• PROVIDED DATA

(* Let $G$ be a finite connected graph (loops and multiple edges allowed) and $T_0\subset G$ a spanning tree. Let $N=|E(G-T_0)|$, and let $Mesh(G,T_0)$ be the $N\times N$ mesh matrix and $Mesh^\#(G,T_0)=Y^t Y$ the reduced mesh matrix, so that $Mesh(G,T_0)=Id+Y^tY$. For $j=0,1,\dots,N$ let $ST_j(G,T_0)$ be the number of spanning trees $T$ of $G$ with $|E(T)\cap E(G-T_0)|=j$. Then $$\det((U+1)\,Id-Mesh(G,T_0))=\det(U\,Id-Mesh^\#(G,T_0))=U^N+\sum_{j=1}^N(-1)^j\,ST_j(G,T_0)\,U^{N-j}.$$ In particular, setting $U=-1$, $\det(Mesh(G,T_0))=\sum_{j=0}^N ST_j(G,T_0)$, the number of spanning trees of $G$.
   Context: Choose an orientation for every edge of $G$. List the edges of $E(G-T_0)$ as $\vec e_1,\dots,\vec e_N$ and those of $T_0$ as $\vec f_1,\dots,\vec f_M$, $M=|E(T_0)|$; $C_1(G;\mathbb R)$ is the real vector space with basis the oriented edges, with the standard inner product $\langle\cdot,\cdot\rangle$ making the edges orthonormal. For $\vec e_j$ directed from $P_j$ to $Q_j$: if $P_j=Q_j$ (a loop) put $D(\vec e_j)=0$; otherwise let $D(\vec e_j)\in C_1(T_0;\mathbb Z)$ be the 1-chain given by the unique simple path in $T_0$ from $Q_j$ to $P_j$, each of its edges taken with the orientation in which the path traverses it (so $\partial D(\vec e_j)=P_j-Q_j$). Put $Z[j]=\vec e_j+D(\vec e_j)$, an integral 1-cycle. The mesh matrix is $Mesh(G,T_0)=(\langle Z[i],Z[j]\rangle)_{1\le i,j\le N}$. Let $Y$ be the $M\times N$ matrix of $D$ with respect to the bases $\{\vec e_j\}$, $\{\vec f_k\}$ (entries $0,\pm1$), i.e. $Z[j]=\vec e_j+\sum_k Y_{kj}\vec f_k$; then $Mesh(G,T_0)=Id+Y^tY$ and $Mesh^\#(G,T_0):=Y^tY$. *)

theory Defs
  imports "Jordan_Normal_Form.Determinant"
begin

text \<open>A finite multigraph (loops and parallel edges allowed) is given by a vertex set V,
an edge set E and a map ends :: 'e => 'v * 'v. The map ends also fixes the chosen
orientation: edge e is directed from fst (ends e) to snd (ends e).\<close>

definition joins :: "('e \<Rightarrow> 'v \<times> 'v) \<Rightarrow> 'e \<Rightarrow> 'v \<Rightarrow> 'v \<Rightarrow> bool" where
  "joins ends e a b \<longleftrightarrow> ends e = (a, b) \<or> ends e = (b, a)"

definition adj_rel :: "('e \<Rightarrow> 'v \<times> 'v) \<Rightarrow> 'e set \<Rightarrow> ('v \<times> 'v) set" where
  "adj_rel ends F = {(a, b). \<exists>e\<in>F. joins ends e a b}"

definition connected_on :: "'v set \<Rightarrow> ('e \<Rightarrow> 'v \<times> 'v) \<Rightarrow> 'e set \<Rightarrow> bool" where
  "connected_on V ends F \<longleftrightarrow> (\<forall>u\<in>V. \<forall>v\<in>V. (u, v) \<in> (adj_rel ends F)\<^sup>*)"

text \<open>A cycle in F: closed walk v0 e1 v1 ... ek vk = v0 with k >= 1, distinct edges
and distinct vertices v0..v(k-1) (loops are cycles of length 1, parallel edges give
cycles of length 2).\<close>
definition has_cycle :: "('e \<Rightarrow> 'v \<times> 'v) \<Rightarrow> 'e set \<Rightarrow> bool" where
  "has_cycle ends F \<longleftrightarrow> (\<exists>vs es. es \<noteq> [] \<and> distinct es \<and> set es \<subseteq> F \<and>
      length vs = Suc (length es) \<and> hd vs = last vs \<and> distinct (butlast vs) \<and>
      (\<forall>i<length es. joins ends (es ! i) (vs ! i) (vs ! Suc i)))"

definition spanning_tree :: "'v set \<Rightarrow> 'e set \<Rightarrow> ('e \<Rightarrow> 'v \<times> 'v) \<Rightarrow> 'e set \<Rightarrow> bool" where
  "spanning_tree V E ends T \<longleftrightarrow> T \<subseteq> E \<and> connected_on V ends T \<and> \<not> has_cycle ends T"

definition is_path :: "('e \<Rightarrow> 'v \<times> 'v) \<Rightarrow> 'e set \<Rightarrow> 'v list \<Rightarrow> 'e list \<Rightarrow> 'v \<Rightarrow> 'v \<Rightarrow> bool" where
  "is_path ends F vs es a b \<longleftrightarrow> length vs = Suc (length es) \<and> hd vs = a \<and> last vs = b \<and>
      distinct vs \<and> set es \<subseteq> F \<and> (\<forall>i<length es. joins ends (es ! i) (vs ! i) (vs ! Suc i))"

definition tree_path :: "('e \<Rightarrow> 'v \<times> 'v) \<Rightarrow> 'e set \<Rightarrow> 'v \<Rightarrow> 'v \<Rightarrow> 'v list \<times> 'e list" where
  "tree_path ends T0 a b = (THE p. is_path ends T0 (fst p) (snd p) a b)"

text \<open>Coefficient of the tree edge f in the 1-chain D(e): the path in T0 from Q to P,
where e is directed from P to Q; each edge is counted with sign +1 if traversed in its
orientation and -1 otherwise.\<close>
definition Dchain :: "('e \<Rightarrow> 'v \<times> 'v) \<Rightarrow> 'e set \<Rightarrow> 'e \<Rightarrow> 'e \<Rightarrow> int" where
  "Dchain ends T0 e f =
    (if fst (ends e) = snd (ends e) then 0
     else (let p = tree_path ends T0 (snd (ends e)) (fst (ends e)); vs = fst p; es = snd p in
       (\<Sum>i<length es. if es ! i = f then (if ends f = (vs ! i, vs ! Suc i) then 1 else -1) else 0)))"

definition Zcycle :: "('e \<Rightarrow> 'v \<times> 'v) \<Rightarrow> 'e set \<Rightarrow> 'e \<Rightarrow> 'e \<Rightarrow> int" where
  "Zcycle ends T0 e x = (if x = e then 1 else 0) + Dchain ends T0 e x"

text \<open>Mesh matrix: Gram matrix of the Z[j] in C_1(G;R), edges orthonormal.
es enumerates E(G - T0).\<close>
definition mesh :: "'e set \<Rightarrow> ('e \<Rightarrow> 'v \<times> 'v) \<Rightarrow> 'e set \<Rightarrow> 'e list \<Rightarrow> real mat" where
  "mesh E ends T0 es = mat (length es) (length es)
     (\<lambda>(i, j). real_of_int (\<Sum>x\<in>E. Zcycle ends T0 (es ! i) x * Zcycle ends T0 (es ! j) x))"

text \<open>The M x N matrix Y of D (fs enumerates E(T0)), and the reduced mesh matrix Y^t Y.\<close>
definition Ymat :: "('e \<Rightarrow> 'v \<times> 'v) \<Rightarrow> 'e set \<Rightarrow> 'e list \<Rightarrow> 'e list \<Rightarrow> real mat" where
  "Ymat ends T0 es fs = mat (length fs) (length es)
     (\<lambda>(k, j). real_of_int (Dchain ends T0 (es ! j) (fs ! k)))"

definition mesh_red :: "('e \<Rightarrow> 'v \<times> 'v) \<Rightarrow> 'e set \<Rightarrow> 'e list \<Rightarrow> 'e list \<Rightarrow> real mat" where
  "mesh_red ends T0 es fs = transpose_mat (Ymat ends T0 es fs) * Ymat ends T0 es fs"

definition ST :: "'v set \<Rightarrow> 'e set \<Rightarrow> ('e \<Rightarrow> 'v \<times> 'v) \<Rightarrow> 'e set \<Rightarrow> nat \<Rightarrow> nat" where
  "ST V E ends T0 j = card {T. spanning_tree V E ends T \<and> card (T \<inter> (E - T0)) = j}"

end

theory Submission
  imports Defs "HOL-Library.FuncSet"
begin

• WHAT YOU SHOULD DO
Whenever a line of the data above holds the word "enumerates", it counts once; report the total number of such lines and nothing more.

• WRITTEN REPLY
2